VMs that allocate all available cores may run significantly slower (see the VirtualBox advice).
ID: 46378 · Report as offensive     Reply Quote
Peter Hucker of the Scottish B...

Send message
Joined: 12 Aug 06
Posts: 294
Credit: 2,008,652
RAC: 24
Message 46379 - Posted: 28 Feb 2022, 13:58:21 UTC - in response to Message 46378.  

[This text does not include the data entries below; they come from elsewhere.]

lemma omegaM_nonzero: "omegaM \<Omega> \<noteq> 0"
proof -
  have "omegaM \<Omega> \<in> affine hull \<Omega>"
    using omegaM_mem by (rule hull_inc)
  moreover have "0 \<notin> affine hull \<Omega>"
    using state_space by (simp add: state_space_def)
  ultimately show ?thesis
    by auto
qed

lemma average_combination:
  assumes "S \<subseteq> \<Omega>"
  shows "average (\<Sum>y\<in>S. u y *\<^sub>R y) = sum u S *\<^sub>R omegaM \<Omega>"
proof -
  have "average (\<Sum>y\<in>S. u y *\<^sub>R y) = (\<Sum>y\<in>S. u y *\<^sub>R average y)"
    by (simp add: linear_sum[OF linear_average] linear_scale[OF linear_average])
  also have "\<dots> = (\<Sum>y\<in>S. u y *\<^sub>R omegaM \<Omega>)"
    using assms omegaM_eq_average by (intro sum.cong) auto
  finally show ?thesis
    by (simp add: scaleR_sum_left)
qed

lemma state_combination:
  obtains S u where "finite S" "S \<subseteq> \<Omega>" "x = (\<Sum>y\<in>S. u y *\<^sub>R y)"
proof -
  have "x \<in> span \<Omega>"
    using state_space by (simp add: state_space_def)
  then show thesis
    using that unfolding span_explicit by blast
qed

lemma affine_hull_iff_average: "x \<in> affine hull \<Omega> \<longleftrightarrow> average x = omegaM \<Omega>"
proof
  assume "x \<in> affine hull \<Omega>"
  moreover have "affine hull \<Omega> \<subseteq> {z. average z = omegaM \<Omega>}"
    using omegaM_eq_average
    by (intro hull_minimal) (auto intro: affine_linear_level_set linear_average)
  ultimately show "average x = omegaM \<Omega>"
    by blast
next
  assume x: "average x = omegaM \<Omega>"
  obtain S u where S: "finite S" "S \<subseteq> \<Omega>" "x = (\<Sum>y\<in>S. u y *\<^sub>R y)"
    using state_combination .
  then have "(sum u S - 1) *\<^sub>R omegaM \<Omega> = 0"
    using x average_combination[OF S(2)] by (simp add: algebra_simps)
  then have "sum u S = 1"
    using omegaM_nonzero by simp
  then show "x \<in> affine hull \<Omega>"
    unfolding affine_hull_explicit using S by fastforce
qed

lemma GL_inner_omegaM_eq_1_iff:
  assumes "omegaM \<Omega> \<bullet> omegaM \<Omega> = 1"
  shows "GL_inner \<mu> (omegaM \<Omega>) x = 1 \<longleftrightarrow> x \<in> affine hull \<Omega>"
proof -
  obtain S u where S: "S \<subseteq> \<Omega>" "x = (\<Sum>y\<in>S. u y *\<^sub>R y)"
    using state_combination by metis
  then have avg: "average x = sum u S *\<^sub>R omegaM \<Omega>"
    using average_combination by blast
  then have "GL_inner \<mu> (omegaM \<Omega>) x = sum u S"
    using assms by (simp add: GL_inner_fixed_left GL_fixes_omegaM)
  moreover have "x \<in> affine hull \<Omega> \<longleftrightarrow> (sum u S - 1) *\<^sub>R omegaM \<Omega> = 0"
    using avg by (simp add: affine_hull_iff_average algebra_simps)
  ultimately show ?thesis
    using omegaM_nonzero by simp
qed

end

Long term (this is related to ATLAS only!)
- it's more efficient to run an even number of threads (avoids having 1 event left in the pool)
Thanks for the advice, just one more quick question. Can you explain this one further? If there are 200 events to do, what's the harm in doing 3 at a time? Since they all take different amounts of time, won't you always end up with 1 left no matter how many threads you run?
ID: 46379 · Report as offensive     Reply Quote
computezrmle
Volunteer moderator
Volunteer developer
Volunteer tester
Avatar

Send message
Joined: 15 Jun 08
Posts: 2049
Credit: 154,289,156
RAC: 146,798
Message 46380 - Posted: 28 Feb 2022, 14:22:57 UTC - in response to Message 46379.  
Last modified: 28 Feb 2022, 14:24:26 UTC

It's a question of long term averages since nobody can predict the required processing time per event.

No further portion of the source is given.